>>

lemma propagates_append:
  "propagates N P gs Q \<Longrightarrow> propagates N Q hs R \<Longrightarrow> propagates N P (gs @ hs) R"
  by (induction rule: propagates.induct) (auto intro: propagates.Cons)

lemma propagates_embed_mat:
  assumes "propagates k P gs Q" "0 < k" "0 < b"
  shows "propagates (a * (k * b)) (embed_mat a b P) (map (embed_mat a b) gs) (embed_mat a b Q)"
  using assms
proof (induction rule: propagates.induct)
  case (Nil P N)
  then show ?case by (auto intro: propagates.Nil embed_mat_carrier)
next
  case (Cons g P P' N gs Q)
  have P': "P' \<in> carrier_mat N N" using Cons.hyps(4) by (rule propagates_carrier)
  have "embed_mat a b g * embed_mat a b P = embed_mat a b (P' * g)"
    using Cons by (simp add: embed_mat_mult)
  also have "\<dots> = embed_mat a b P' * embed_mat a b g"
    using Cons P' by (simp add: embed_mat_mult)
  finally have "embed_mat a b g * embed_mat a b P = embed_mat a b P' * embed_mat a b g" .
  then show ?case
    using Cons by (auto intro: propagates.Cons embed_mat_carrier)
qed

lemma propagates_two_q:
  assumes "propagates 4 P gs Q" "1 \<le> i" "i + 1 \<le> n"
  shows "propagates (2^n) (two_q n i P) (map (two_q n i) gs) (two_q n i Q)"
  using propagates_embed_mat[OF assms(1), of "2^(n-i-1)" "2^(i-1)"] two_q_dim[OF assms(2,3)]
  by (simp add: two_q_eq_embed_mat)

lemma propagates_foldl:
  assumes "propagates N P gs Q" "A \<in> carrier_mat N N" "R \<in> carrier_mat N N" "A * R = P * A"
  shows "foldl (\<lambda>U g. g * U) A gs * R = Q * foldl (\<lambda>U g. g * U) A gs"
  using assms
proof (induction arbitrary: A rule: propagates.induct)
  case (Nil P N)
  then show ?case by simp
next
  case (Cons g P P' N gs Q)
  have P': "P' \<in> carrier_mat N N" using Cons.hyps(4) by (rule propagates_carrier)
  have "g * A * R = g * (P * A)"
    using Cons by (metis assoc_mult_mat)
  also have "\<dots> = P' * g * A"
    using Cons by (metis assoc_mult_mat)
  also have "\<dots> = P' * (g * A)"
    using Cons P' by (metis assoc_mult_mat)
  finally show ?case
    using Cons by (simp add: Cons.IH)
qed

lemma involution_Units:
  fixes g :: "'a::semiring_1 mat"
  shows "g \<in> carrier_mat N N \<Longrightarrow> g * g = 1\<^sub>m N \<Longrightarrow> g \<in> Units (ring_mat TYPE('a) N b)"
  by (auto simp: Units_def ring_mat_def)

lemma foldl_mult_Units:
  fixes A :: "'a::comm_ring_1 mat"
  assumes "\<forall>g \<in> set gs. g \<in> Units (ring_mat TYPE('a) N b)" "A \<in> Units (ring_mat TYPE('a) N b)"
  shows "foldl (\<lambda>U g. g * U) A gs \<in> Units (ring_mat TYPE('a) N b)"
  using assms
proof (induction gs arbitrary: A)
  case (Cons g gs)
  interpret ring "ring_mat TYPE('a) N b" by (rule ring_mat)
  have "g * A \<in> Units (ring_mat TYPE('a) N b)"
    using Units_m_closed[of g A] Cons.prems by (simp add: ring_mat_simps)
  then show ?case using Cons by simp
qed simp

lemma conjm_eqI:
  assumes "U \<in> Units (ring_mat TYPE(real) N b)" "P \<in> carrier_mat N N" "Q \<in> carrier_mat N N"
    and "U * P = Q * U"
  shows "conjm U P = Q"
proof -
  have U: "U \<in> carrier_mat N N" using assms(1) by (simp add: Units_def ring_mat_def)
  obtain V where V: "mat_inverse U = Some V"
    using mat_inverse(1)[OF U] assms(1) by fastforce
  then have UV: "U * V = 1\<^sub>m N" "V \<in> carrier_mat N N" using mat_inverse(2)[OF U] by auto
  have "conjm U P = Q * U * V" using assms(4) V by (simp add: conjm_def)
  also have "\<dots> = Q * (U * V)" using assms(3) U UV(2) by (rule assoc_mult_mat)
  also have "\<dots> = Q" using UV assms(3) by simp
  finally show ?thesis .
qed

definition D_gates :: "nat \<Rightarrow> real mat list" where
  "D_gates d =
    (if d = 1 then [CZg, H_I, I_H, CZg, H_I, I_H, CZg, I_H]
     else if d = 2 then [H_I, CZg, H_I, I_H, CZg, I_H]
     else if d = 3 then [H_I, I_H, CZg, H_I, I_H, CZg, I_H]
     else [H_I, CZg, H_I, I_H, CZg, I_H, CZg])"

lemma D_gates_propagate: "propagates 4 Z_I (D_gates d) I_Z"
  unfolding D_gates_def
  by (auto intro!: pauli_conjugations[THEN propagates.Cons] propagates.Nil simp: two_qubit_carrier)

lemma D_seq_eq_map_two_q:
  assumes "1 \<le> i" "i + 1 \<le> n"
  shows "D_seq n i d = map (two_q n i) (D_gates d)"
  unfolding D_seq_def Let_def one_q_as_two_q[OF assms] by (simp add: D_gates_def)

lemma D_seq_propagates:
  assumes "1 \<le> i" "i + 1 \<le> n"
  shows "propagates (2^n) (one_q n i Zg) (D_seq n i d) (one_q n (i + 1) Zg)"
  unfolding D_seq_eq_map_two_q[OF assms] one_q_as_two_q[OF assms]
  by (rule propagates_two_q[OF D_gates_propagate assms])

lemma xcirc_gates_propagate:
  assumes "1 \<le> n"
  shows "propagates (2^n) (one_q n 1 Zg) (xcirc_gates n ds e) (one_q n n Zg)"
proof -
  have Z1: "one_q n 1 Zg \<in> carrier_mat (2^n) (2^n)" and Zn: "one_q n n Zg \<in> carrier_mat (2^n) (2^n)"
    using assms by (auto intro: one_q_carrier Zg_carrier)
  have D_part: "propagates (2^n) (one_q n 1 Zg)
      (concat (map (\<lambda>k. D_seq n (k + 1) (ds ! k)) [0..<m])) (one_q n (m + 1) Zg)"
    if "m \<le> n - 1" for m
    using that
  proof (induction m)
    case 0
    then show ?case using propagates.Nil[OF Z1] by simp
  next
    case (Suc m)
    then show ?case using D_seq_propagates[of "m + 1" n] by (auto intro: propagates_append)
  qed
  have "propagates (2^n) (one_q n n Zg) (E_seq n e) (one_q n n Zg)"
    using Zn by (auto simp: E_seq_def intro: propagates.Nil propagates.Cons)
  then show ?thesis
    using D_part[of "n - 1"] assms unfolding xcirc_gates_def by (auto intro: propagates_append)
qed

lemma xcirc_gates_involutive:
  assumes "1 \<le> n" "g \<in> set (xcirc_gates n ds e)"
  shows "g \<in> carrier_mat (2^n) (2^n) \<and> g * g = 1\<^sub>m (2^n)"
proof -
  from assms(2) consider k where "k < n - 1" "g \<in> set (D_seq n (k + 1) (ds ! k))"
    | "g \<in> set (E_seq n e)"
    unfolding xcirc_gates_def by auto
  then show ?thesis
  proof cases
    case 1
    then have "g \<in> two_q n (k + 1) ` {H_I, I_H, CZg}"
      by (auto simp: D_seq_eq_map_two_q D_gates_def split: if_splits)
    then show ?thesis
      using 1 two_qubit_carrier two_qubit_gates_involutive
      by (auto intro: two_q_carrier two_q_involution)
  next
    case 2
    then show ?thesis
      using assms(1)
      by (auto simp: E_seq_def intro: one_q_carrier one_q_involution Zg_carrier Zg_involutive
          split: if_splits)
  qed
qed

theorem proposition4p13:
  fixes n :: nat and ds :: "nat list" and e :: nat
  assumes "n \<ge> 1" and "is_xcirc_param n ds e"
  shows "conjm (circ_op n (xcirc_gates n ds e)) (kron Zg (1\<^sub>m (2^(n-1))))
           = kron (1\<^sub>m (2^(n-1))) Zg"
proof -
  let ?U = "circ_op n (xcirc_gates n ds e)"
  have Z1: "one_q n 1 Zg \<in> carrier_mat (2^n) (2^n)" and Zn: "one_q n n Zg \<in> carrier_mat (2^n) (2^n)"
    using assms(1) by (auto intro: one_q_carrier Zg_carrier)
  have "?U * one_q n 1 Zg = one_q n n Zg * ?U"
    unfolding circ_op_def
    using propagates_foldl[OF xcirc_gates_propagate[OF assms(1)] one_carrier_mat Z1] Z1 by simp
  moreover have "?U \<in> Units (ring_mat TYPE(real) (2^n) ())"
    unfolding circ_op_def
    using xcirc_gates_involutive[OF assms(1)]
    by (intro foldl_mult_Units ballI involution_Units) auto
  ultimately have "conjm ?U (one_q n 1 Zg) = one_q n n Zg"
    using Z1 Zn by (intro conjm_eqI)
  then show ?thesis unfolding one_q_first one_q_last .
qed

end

<<

▶ _ACTION ITEM_
Across the listing, how many lines contain the word "finally"? Give the number without further comment.

▶ _SOLVED EXERCISE_
3